When the war ended, a new consumer society developed, and Arvin began producing products for the home such as electric irons and ironing boards, waffle makers, radios and, by 1949, its first television set. It also began once again to manufacture outdoor steel furniture. By the 1950s, in addition to tubular steel, furniture was produced using aluminum, wire mesh and legs made of thin steel rods that give mid-century furniture its distinctive splayed leg, light-on-its-feet look.

==Benefits==
Durability is the main advantage of metal furniture. For example, not many types of non-metal furniture can remain outside during winter and still look good when spring arrives. If cared for properly, metal furniture can last up to 30 years. Because most metal furniture is treated for rust and heat resistance, it does not need much maintenance.

==Types of metals==
Usually metal furniture is made from either steel or aluminum.

Steel furniture is typically more expensive when it is used as furniture, with the price varying according to the type of metal and thickness. However, it is hard to identify it after a finish is applied. Steel has low, medium or high carbon, with most metal furniture being made with low carbon because it is cheaper. Stainless steel is good for low maintenance.
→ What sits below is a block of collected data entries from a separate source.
lemma poly_pderiv_chebU_shift_1: "poly (pderiv (chebU_shift k)) 1 = (real k - 2) * (real k - 1) * real k / 3"
proof (induction k rule: induct_nat_012)
  case (ge2 k)
  have "poly (pderiv (chebU_shift (Suc (Suc k)))) 1
      = 2 * poly (chebU_shift (Suc k)) 1 + 2 * poly (pderiv (chebU_shift (Suc k))) 1 - poly (pderiv (chebU_shift k)) 1"
    by (simp add: chebU_seq.simps(3) pderiv_mult pderiv_diff pderiv_pCons pderiv_smult)
  then show ?case
    unfolding ge2 poly_chebU_shift_1 by (simp add: field_simps)
qed (simp_all add: pderiv_minus)

lemma chebQ_double_root: "[:-1, 1:]^2 dvd chebQ n"
proof (cases "even n")
  case True
  then obtain m where n: "n = 2 * m" ..
  show ?thesis
  proof (rule square_dvd_of_double_root)
    show "poly (chebQ n) 1 = 0"
      unfolding n chebQ_even by (simp add: poly_chebU_shift_1)
    show "poly (pderiv (chebQ n)) 1 = 0"
      unfolding n chebQ_even
      by (simp add: poly_chebU_shift_1 poly_pderiv_chebU_shift_1 pderiv_mult pderiv_add pderiv_diff pderiv_pCons pderiv_smult)
         (simp add: field_simps)
  qed
next
  case False
  then obtain m where n: "n = 2 * m + 1" ..
  show ?thesis
  proof (rule square_dvd_of_double_root)
    show "poly (chebQ n) 1 = 0"
      unfolding n chebQ_odd by (simp add: poly_chebU_shift_1)
    show "poly (pderiv (chebQ n)) 1 = 0"
      unfolding n chebQ_odd
      by (simp add: poly_chebU_shift_1 poly_pderiv_chebU_shift_1 pderiv_mult pderiv_add pderiv_diff pderiv_pCons pderiv_smult)
         (simp add: field_simps)
  qed
qed

theorem theoremB7:
  fixes n :: nat
  assumes "n \<ge> 1"
  shows "\<exists>R :: real poly.
           smult 4 (pcompose (chebQ n) [:0, 1/2:]) = [:-2, 1:]^2 * R
         \<and> Phi n = chebUet n * smult 4 (pcompose (chebQ n) [:0, 1/2:])
         \<and> Phi n = [:-2, 1:]^2 * chebUet n * R"
proof -
  obtain S where S: "chebQ n = [:-1, 1:]^2 * S"
    using chebQ_double_root[of n] ..
  define R where "R = pcompose S [:0, 1/2:]"
  have "smult 4 (pcompose ([:-1, 1:]^2) [:0, 1/2:]) = ([:-2, 1:]^2 :: real poly)"
    by (simp add: pcompose_pCons power2_eq_square)
  then have Q: "smult 4 (pcompose (chebQ n) [:0, 1/2:]) = [:-2, 1:]^2 * R"
    unfolding S R_def pcompose_mult by (metis mult_smult_left)
  show ?thesis
  proof (intro exI conjI)
    show "Phi n = [:-2, 1:]^2 * chebUet n * R"
      unfolding Phi_eq_chebUet_mult_chebQ Q by (simp only: ac_simps)
  qed (fact Q Phi_eq_chebUet_mult_chebQ)+
qed

end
Wrought iron is used for garden furniture. It is heavy, which is useful on windy days. It needs much care, and can easily rust and corrode if not waterproofed. Aluminum is more common than steel furniture, mostly because it does not rust, although it oxidizes, turning into a chalky white. It is also lighter than steel. Cast and heavy tube aluminum give better quality. Aluminum has to be thicker than steel if it is to have as much strength. Tubular aluminum is flexible and less sturdy. However, its lightness makes for an ideal poolside furniture and is mainly used for benches, folding chairs and swing sets.

==Types of finishes==
Choosing the right finish for metal furniture is important because of its durability. Some of the most common finishes include chrome plating, PVDF, plastic, painted, brass and anodized finishes. Chrome plating, although durable, is thin and if damaged where it is exposed to air, scratches can rust. Plastic-coated finishes are synthetically made and good as they prevent rusting or the metal changing color from air exposure. Although they're as strong as paint finishes, they do not hold up as well as electroplated finishes. Paint finishes are for both steel and aluminum furniture, although it easily scratches and rusts. Brass plating, which is an electroplated finish, is applied in a bath and is durable. Solid brass is both pricey and rare. To decide if a finish is solid brass put a magnet on the furniture and if it clings, it is made of brass-plated steel (iron in the steel is magnetic). Brass is made from copper and zinc, two metals that are prone to corrosion from exposure to (salty) water or air. Brass finishes should be oiled or clear-coated with polyurethane or a similar material to make a barrier from air and water to prevent corrosion. Corrosion is slowed when a surface is already oxidized, for example aluminum is very hard to weld because of its persistent aluminum oxide layer, this prevents access to the bare metal. Anodized finishes are used on aluminum furniture to increase the thickness of the aluminum oxide layer, creating a thicker barrier between the atmosphere and aluminum base metal.

==Considerations==
When selecting metal furniture, consider coat and finish, ensuring the surface is either powder coated or electroplated. Depending on climate, different treatments may be appropriate. For example, in rainy areas, furniture should be waterproof and light enough to carry indoors.